EXERCISE → Set each line of the data down exactly, please.

------------

lemma weighted_potential_ge_kernel_decay:
  fixes w :: "'a::euclidean_space \<Rightarrow> real"
  assumes a: "0 < a" and w_pos: "\<And>y. 0 < w y"
    and int: "\<And>x. integrable lborel (\<lambda>y. w y / (norm (x - y) powr a * norm y powr s))"
  shows "\<exists>K>0. \<forall>x. 2 \<le> norm x \<longrightarrow>
     K / (1 + norm x) powr a \<le> (\<integral>y. w y / (norm (x - y) powr a * norm y powr s) \<partial>lborel)"
proof -
  define f where "f x y = w y / (norm (x - y) powr a * norm y powr s)" for x y
  obtain e :: 'a where e: "norm e = 1"
    using vector_choose_size[of 1] by auto
  define B where "B = ball e (1/2)"
  define F where "F y = f 0 y * indicator B y" for y
  have f_nonneg: "0 \<le> f x y" for x y
    unfolding f_def using w_pos[of y] by simp
  have int_F: "integrable lborel F"
    unfolding F_def f_def B_def by (rule integrable_real_mult_indicator) (use int[of 0] in auto)
  have norm_B: "1/2 \<le> norm y \<and> norm y \<le> 3/2" if "y \<in> B" for y
    using that norm_triangle_ineq2[of e y] norm_triangle_ineq[of e "y - e"] e
    by (auto simp: B_def dist_norm norm_minus_commute)
  have "0 < (\<integral>y. F y \<partial>lborel)"
  proof (rule integral_pos_if_pos_on_ball[OF int_F _ _ zero_less_one[THEN half_gt_zero], of e])
    show "0 \<le> F y" for y
      unfolding F_def using f_nonneg by simp
    show "0 < F y" if "y \<in> ball e (1/2)" for y
    proof -
      have "y \<in> B" "0 < norm y"
        using that norm_B[of y] by (auto simp: B_def)
      then show ?thesis
        using w_pos[of y] by (simp add: F_def f_def)
    qed
  qed
  then have K_pos: "0 < (\<integral>y. F y \<partial>lborel) / 4 powr a"
    by simp
  have "(\<integral>y. F y \<partial>lborel) / 4 powr a / (1 + norm x) powr a \<le> (\<integral>y. f x y \<partial>lborel)"
    if x: "2 \<le> norm x" for x
  proof -
    define P where "P = 4 powr a * (1 + norm x) powr a"
    have P: "0 < P"
      unfolding P_def using norm_ge_zero[of x] by (simp del: norm_ge_zero)
    have "F y / P \<le> f x y" for y
    proof (cases "y \<in> B")
      case True
      then show ?thesis
        using weighted_potential_integrand_ge_near_unit[OF a less_imp_le[OF w_pos] _ _ x] norm_B
        by (simp add: F_def f_def P_def)
    next
      case False
      then show ?thesis
        unfolding F_def using f_nonneg P by simp
    qed
    then have "(\<integral>y. F y / P \<partial>lborel) \<le> (\<integral>y. f x y \<partial>lborel)"
      using int_F int[of x] unfolding f_def by (intro integral_mono) auto
    then show ?thesis
      by (simp add: P_def)
  qed
  with K_pos show ?thesis
    unfolding f_def by blast
qed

------------

REPLY →
lemma weighted_potential_ge_kernel_decay:
  fixes w :: "'a::euclidean_space \<Rightarrow> real"
  assumes a: "0 < a" and w_pos: "\<And>y. 0 < w y"
    and int: "\<And>x. integrable lborel (\<lambda>y. w y / (norm (x - y) powr a * norm y powr s))"
  shows "\<exists>K>0. \<forall>x. 2 \<le> norm x \<longrightarrow>
     K / (1 + norm x) powr a \<le> (\<integral>y. w y / (norm (x - y) powr a * norm y powr s) \<partial>lborel)"
proof -
  define f where "f x y = w y / (norm (x - y) powr a * norm y powr s)" for x y
  obtain e :: 'a where e: "norm e = 1"
    using vector_choose_size[of 1] by auto
  define B where "B = ball e (1/2)"
  define F where "F y = f 0 y * indicator B y" for y
  have f_nonneg: "0 \<le> f x y" for x y
    unfolding f_def using w_pos[of y] by simp
  have int_F: "integrable lborel F"
    unfolding F_def f_def B_def by (rule integrable_real_mult_indicator) (use int[of 0] in auto)
  have norm_B: "1/2 \<le> norm y \<and> norm y \<le> 3/2" if "y \<in> B" for y
    using that norm_triangle_ineq2[of e y] norm_triangle_ineq[of e "y - e"] e
    by (auto simp: B_def dist_norm norm_minus_commute)
  have "0 < (\<integral>y. F y \<partial>lborel)"
  proof (rule integral_pos_if_pos_on_ball[OF int_F _ _ zero_less_one[THEN half_gt_zero], of e])
    show "0 \<le> F y" for y
      unfolding F_def using f_nonneg by simp
    show "0 < F y" if "y \<in> ball e (1/2)" for y
    proof -
      have "y \<in> B" "0 < norm y"
        using that norm_B[of y] by (auto simp: B_def)
      then show ?thesis
        using w_pos[of y] by (simp add: F_def f_def)
    qed
  qed
  then have K_pos: "0 < (\<integral>y. F y \<partial>lborel) / 4 powr a"
    by simp
  have "(\<integral>y. F y \<partial>lborel) / 4 powr a / (1 + norm x) powr a \<le> (\<integral>y. f x y \<partial>lborel)"
    if x: "2 \<le> norm x" for x
  proof -
    define P where "P = 4 powr a * (1 + norm x) powr a"
    have P: "0 < P"
      unfolding P_def using norm_ge_zero[of x] by (simp del: norm_ge_zero)
    have "F y / P \<le> f x y" for y
    proof (cases "y \<in> B")
      case True
      then show ?thesis
        using weighted_potential_integrand_ge_near_unit[OF a less_imp_le[OF w_pos] _ _ x] norm_B
        by (simp add: F_def f_def P_def)
    next
      case False
      then show ?thesis
        unfolding F_def using f_nonneg P by simp
    qed
    then have "(\<integral>y. F y / P \<partial>lborel) \<le> (\<integral>y. f x y \<partial>lborel)"
      using int_F int[of x] unfolding f_def by (intro integral_mono) auto
    then show ?thesis
      by (simp add: P_def)
  qed
  with K_pos show ?thesis
    unfolding f_def by blast
qed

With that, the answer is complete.